Figure 1. Percentage Missingness of Predictors with Missing ValuesSteps:
- Predictors with more than 40% missingness were eliminated from the analysis;
- Remaining missing values were imputed:
- Quantitative variable: better model between lasso or ridge regression (regularization parameter tuned)
- Categorical variable: logistic regression (regularization parameter tuned)
-
Response Variable:
Since the price is highly right skewed, log-transformation was employed to transform the variable.
-
Quantitative Predictors:
- log-transformed if highly right skewed;
- if includes a lot of zero values, a binary variable was added to indicate zero vs non-zero.
Multiple regressing models were applied to predict the log-transformed sales price using the predictors:
- Lasso regression
- Ridge regression
- Random forest regressor
- XGBoost
Since the predictor variables are highly correlated, transformation of the predictors using principal component analysis was also examined. However, the PCA transformed data did not yield better prediction.
The prediction of each model on both the training and testing sets was saved from the previous step.

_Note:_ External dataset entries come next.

(* Let $d>1$, $e\geq 1$, $n\geq 1$. A basis of $H^\bullet(\Gamma(de,e,n);\mathbb{Q})$ is naturally indexed by the orbits, under the action of $W=G(de,e,n)$, of the set of invariant $de$-multigraphs with loops on $n$ vertices: for each orbit with representative $\Delta$, the class $\sum_{w\in W}w(\omega_\Delta)$ is nonzero, and these classes form a basis, the class of $\Delta$ having degree equal to the number of edges plus loops of $\Delta$.
   Context: For a finite complex reflection group $W$ with hyperplane set $\mathcal A$, $P=\pi_1(\mathbb{C}^\ell\setminus\bigcup\mathcal A)$, $B=\pi_1((\mathbb{C}^\ell\setminus\bigcup\mathcal A)/W)$, $\Gamma=B/[P,P]$; then $H^\bullet(\Gamma;\mathbb{Q})\cong\Lambda^\bullet(\mathbb{Q}\mathcal A)^W$, where the degree-one part has basis the forms $d\log$ of the hyperplanes' linear forms, permuted by $W$. $G(de,e,n)$ is the group of $n\times n$ monomial matrices with nonzero entries in $\mu_{de}$ whose product is a $d$-th root of unity; $\Gamma(de,e,n)$ is $\Gamma$ for it. Its hyperplanes are $z_i=\zeta z_j$ ($i<j$, $\zeta\in\mu_{de}$) and $z_i=0$. $\tilde K_n(de)$ is the multigraph on $\{1,\dots,n\}$ with $de$ edges between each pair $i<j$, labelled by $\mu_{de}$, and one unlabelled loop at each vertex; a $de$-multigraph with loops on $n$ vertices is a subgraph of $\tilde K_n(de)$ (subset of edges and loops). The edge $(i,j,\zeta)$ corresponds to $d\log(z_i-\zeta z_j)$, the loop at $i$ to $d\log(z_i)$, and $\Delta$ to the wedge product $\omega_\Delta$ of these forms, edges first in lexicographic order of $(i,j,\zeta)$ (for a fixed order of $\mu_{de}$), then loops. $W$ acts on such multigraphs through its action on hyperplanes. $\mathrm{Stab}_W(\Delta)$ is the subgroup of $W$ preserving $\Delta$; $\Delta$ is invariant if every element of $\mathrm{Stab}_W(\Delta)$ induces an even permutation of the set of edges and loops of $\Delta$. *)

theory Defs
  imports Complex_Main "HOL-Combinatorics.Permutations"
begin
lemma v_remainder_bounds:
  obtains C where
    "\<forall>\<^sub>F e in at_right 0. \<forall>p\<in>\<Omega>. \<bar>v e p - v0 p - e * v1 p - e\<^sup>2 * v2 p\<bar> \<le> C * e ^ 3"
    "\<forall>\<^sub>F e in at_right 0. \<forall>p\<in>\<Omega>. \<bar>px (v e) p - px v0 p - e * px v1 p - e\<^sup>2 * px v2 p\<bar> \<le> C * e ^ 3"
    "\<forall>\<^sub>F e in at_right 0. \<forall>p\<in>\<Omega>. \<bar>pt (v e) p - pt v0 p - e * pt v1 p - e\<^sup>2 * pt v2 p\<bar> \<le> C * e ^ 3"
  by (rule C1_O3_expansion_bounds[OF exp_v])
     (use solution_differentiable coeff_differentiable in auto)

lemma u_remainder_bounds:
  obtains C where
    "\<forall>\<^sub>F e in at_right 0. \<forall>p\<in>\<Omega>. \<bar>u e p - u0 p - e * u1 p - e\<^sup>2 * u2 p\<bar> \<le> C * e ^ 3"
    "\<forall>\<^sub>F e in at_right 0. \<forall>p\<in>\<Omega>. \<bar>px (u e) p - px u0 p - e * px u1 p - e\<^sup>2 * px u2 p\<bar> \<le> C * e ^ 3"
    "\<forall>\<^sub>F e in at_right 0. \<forall>p\<in>\<Omega>. \<bar>pt (u e) p - pt u0 p - e * pt u1 p - e\<^sup>2 * pt u2 p\<bar> \<le> C * e ^ 3"
  by (rule C1_O3_expansion_bounds[OF exp_u])
     (use solution_differentiable coeff_differentiable in auto)

lemma px_v0_v1_eq_0:
  assumes "p \<in> \<Omega>"
  shows "px v0 p = 0 \<and> px v1 p = 0"
proof -
  obtain Cv where Rv: "\<forall>\<^sub>F e in at_right 0. \<forall>p\<in>\<Omega>.
      \<bar>px (v e) p - px v0 p - e * px v1 p - e\<^sup>2 * px v2 p\<bar> \<le> Cv * e ^ 3"
    using v_remainder_bounds by blast
  obtain Cu where Ru: "\<forall>\<^sub>F e in at_right 0. \<forall>p\<in>\<Omega>.
      \<bar>pt (u e) p - pt u0 p - e * pt u1 p - e\<^sup>2 * pt u2 p\<bar> \<le> Cu * e ^ 3"
    using u_remainder_bounds by blast
  show ?thesis
  proof (rule expansion_leading_terms_vanish)
    show "\<forall>\<^sub>F e in at_right 0. px (v e) p = e\<^sup>2 * (pt (u e) p - g p)"
      using eventually_at_right_less
      by eventually_elim (use eq2 assms in \<open>simp add: field_simps\<close>)
    show "\<forall>\<^sub>F e in at_right 0. \<bar>px (v e) p - px v0 p - e * px v1 p - e\<^sup>2 * px v2 p\<bar> \<le> Cv * e ^ 3"
      using Rv by eventually_elim (use assms in auto)
    show "\<forall>\<^sub>F e in at_right 0.
        \<bar>(pt (u e) p - g p) - (pt u0 p - g p) - e * pt u1 p - e\<^sup>2 * pt u2 p\<bar> \<le> Cu * e ^ 3"
      using Ru by eventually_elim (use assms in auto)
  qed
qed
definition Omega :: "real \<Rightarrow> real \<Rightarrow> nat \<Rightarrow> nat \<Rightarrow> complex set" where
  "Omega xi phi i j =
    (let t = tan phi; z1 = zeta1 xi; z2 = zeta2 xi; z5 = zeta5 xi; z6 = zeta6 xi in
     {z. let u = Re z; v = Im z in
      (i = 1 \<and> j = 1 \<and> z1/2 < u \<and> u < z1 \<and> 0 < v \<and> v < (z1 - u) * t) \<or>
      (i = 1 \<and> j = 2 \<and> z1 < u \<and> u < (z1 + 1)/2 \<and> 0 < v \<and> v < (u - z1) * t) \<or>
      (i = 1 \<and> j = 3 \<and> z1 < u \<and> u < (z1 + 1)/2 \<and> - ((u - z1) * t) < v \<and> v < 0) \<or>
      (i = 1 \<and> j = 4 \<and> z1/2 < u \<and> u < z1 \<and> - ((z1 - u) * t) < v \<and> v < 0) \<or>
      (i = 2 \<and> j = 1 \<and> z2 < u \<and> u < z2/2 \<and> 0 < v \<and> v < (u - z2) * t) \<or>
      (i = 2 \<and> j = 2 \<and> (z2 - 1)/2 < u \<and> u < z2 \<and> 0 < v \<and> v < (z2 - u) * t) \<or>
      (i = 2 \<and> j = 3 \<and> (z2 - 1)/2 < u \<and> u < z2 \<and> - ((z2 - u) * t) < v \<and> v < 0) \<or>
      (i = 2 \<and> j = 4 \<and> z2 < u \<and> u < z2/2 \<and> - ((u - z2) * t) < v \<and> v < 0) \<or>
      (i = 5 \<and> j = 1 \<and> (1 + z5)/2 < u \<and> u < z5 \<and> 0 < v \<and> v < (z5 - u) * t) \<or>
      (i = 5 \<and> j = 2 \<and> z5 < u \<and> 0 < v \<and> v < (u - z5) * t) \<or>
      (i = 5 \<and> j = 3 \<and> z5 < u \<and> - ((u - z5) * t) < v \<and> v < 0) \<or>
      (i = 5 \<and> j = 4 \<and> (1 + z5)/2 < u \<and> u < z5 \<and> - ((z5 - u) * t) < v \<and> v < 0) \<or>
      (i = 6 \<and> j = 1 \<and> z6 < u \<and> u < (z6 - 1)/2 \<and> 0 < v \<and> v < (u - z6) * t) \<or>
      (i = 6 \<and> j = 2 \<and> u < z6 \<and> 0 < v \<and> v < (z6 - u) * t) \<or>
      (i = 6 \<and> j = 3 \<and> u < z6 \<and> - ((z6 - u) * t) < v \<and> v < 0) \<or>
      (i = 6 \<and> j = 4 \<and> z6 < u \<and> u < (z6 - 1)/2 \<and> - ((u - z6) * t) < v \<and> v < 0)})"
theorem proposition3p13:
  fixes X :: "(int \<Rightarrow> 'a::finite) set"
  assumes "shift_space X" and "X \<noteq> {}"
  shows "(bounded_supermult X \<longleftrightarrow>
           (\<exists>c1 c2::real. c1 > 0 \<and> c2 > 0 \<and>
              (\<forall>n::nat. n \<ge> 1 \<longrightarrow>
                 c1 \<le> 2 powr (real n * entropy X) / real (card (blocks X n)) \<and>
                 2 powr (real n * entropy X) / real (card (blocks X n)) \<le> c2)))
       \<and> (bounded_supermult X \<longrightarrow>
           (\<forall>\<mu>. prob_measure_on X \<mu> \<longrightarrow> (gibbs X \<mu> \<longleftrightarrow> gibbs_like X \<mu>)))
       \<and> ((\<exists>\<mu>. gibbs X \<mu>) \<longrightarrow>
           bounded_supermult X \<and> (\<forall>\<mu>. gibbs X \<mu> \<longrightarrow> gibbs_like X \<mu>))"
proof -
  have "bounded_supermult X \<longleftrightarrow> entropy_comparable X"
    using bounded_supermult_imp_entropy_comparable entropy_comparable_imp_bounded_supermult
      assms(2) by blast
  then show ?thesis
    unfolding entropy_comparable_iff_ratio_bounded[OF assms(2), symmetric]
    using gibbs_iff_gibbs_like gibbs_imp_entropy_comparable by blast
qed

end
(* Let $\mathbb{F}$ be a field, $p,q\in\mathbb{F}[t]$ monic of degree $2$, $\mathcal{W}_{p,q}=\mathbb{F}\langle a,b\rangle/(p(a),q(b))$. Let $\gamma\in\mathcal{W}_{p,q}^\times$ and let $x\in(\mathbb{F}[a]\cup\mathbb{F}[b])\setminus\mathbb{F}$ be a nonscalar basic vector. If $\gamma x\gamma^{-1}$ is basic (i.e. lies in $\mathbb{F}[a]\cup\mathbb{F}[b]$), then $\gamma x\gamma^{-1}=x$.
   Context: $\mathcal{W}_{p,q}$ is the quotient of the free associative unital $\mathbb{F}$-algebra on two noncommuting generators by the two-sided ideal generated by $p(a)$ and $q(b)$; $\mathbb{F}[a]$ and $\mathbb{F}[b]$ are $2$-dimensional subalgebras. *)

theory Defs
  imports "HOL-Computational_Algebra.Polynomial"
begin

text \<open>The free associative unital algebra F<a,b> is modelled as finitely supported
  functions from words over the alphabet {a,b} (encoded as bool lists, True = a,
  False = b) to F, with concatenation-convolution product. The quotient W_{p,q}
  is handled via congruence modulo the two-sided ideal generated by p(a), q(b).\<close>

definition fa :: "(bool list \<Rightarrow> 'a::field) set" where
  "fa = {f. finite {w. f w \<noteq> 0}}"

definition fa_mult :: "(bool list \<Rightarrow> 'a::field) \<Rightarrow> (bool list \<Rightarrow> 'a) \<Rightarrow> bool list \<Rightarrow> 'a"
  (infixl "\<star>" 70) where
  "fa_mult f g w = (\<Sum>i\<le>length w. f (take i w) * g (drop i w))"

definition fa_sc :: "'a::field \<Rightarrow> bool list \<Rightarrow> 'a" where
  "fa_sc c w = (if w = [] then c else 0)"

definition gen_a :: "bool list \<Rightarrow> 'a::field" where
  "gen_a w = (if w = [True] then 1 else 0)"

- Training set: cross-validation prediction
- Testing set: prediction using the training set
The data were further fed into predictive models to generate better prediction on the testing set.
Models include
- Lasso regression
- Ridge regression
- Random forest regressor
- XGBoost
Root Mean Squared Logarithmic Error (RMSLE) is used to evaluate each model.
| Basic Model | RMSLE |
|---|---|
| Lasso | 0.1326 |
| Ridge | 0.1366 |
| Random Forest | 0.1462 |
| XGBoost | 0.1188 |
| Ensemble | RMSLE |
|---|---|
| Lasso | 0.1194 |
| Ridge | 0.1195 |
| Random Forest | 0.1219 |
| XGBoost | 0.1180 |
- Lasso regression and XGBoost in general perform the best on this dataset;
- Ensemble learning is able to boost the prediction precision by integrating individual models.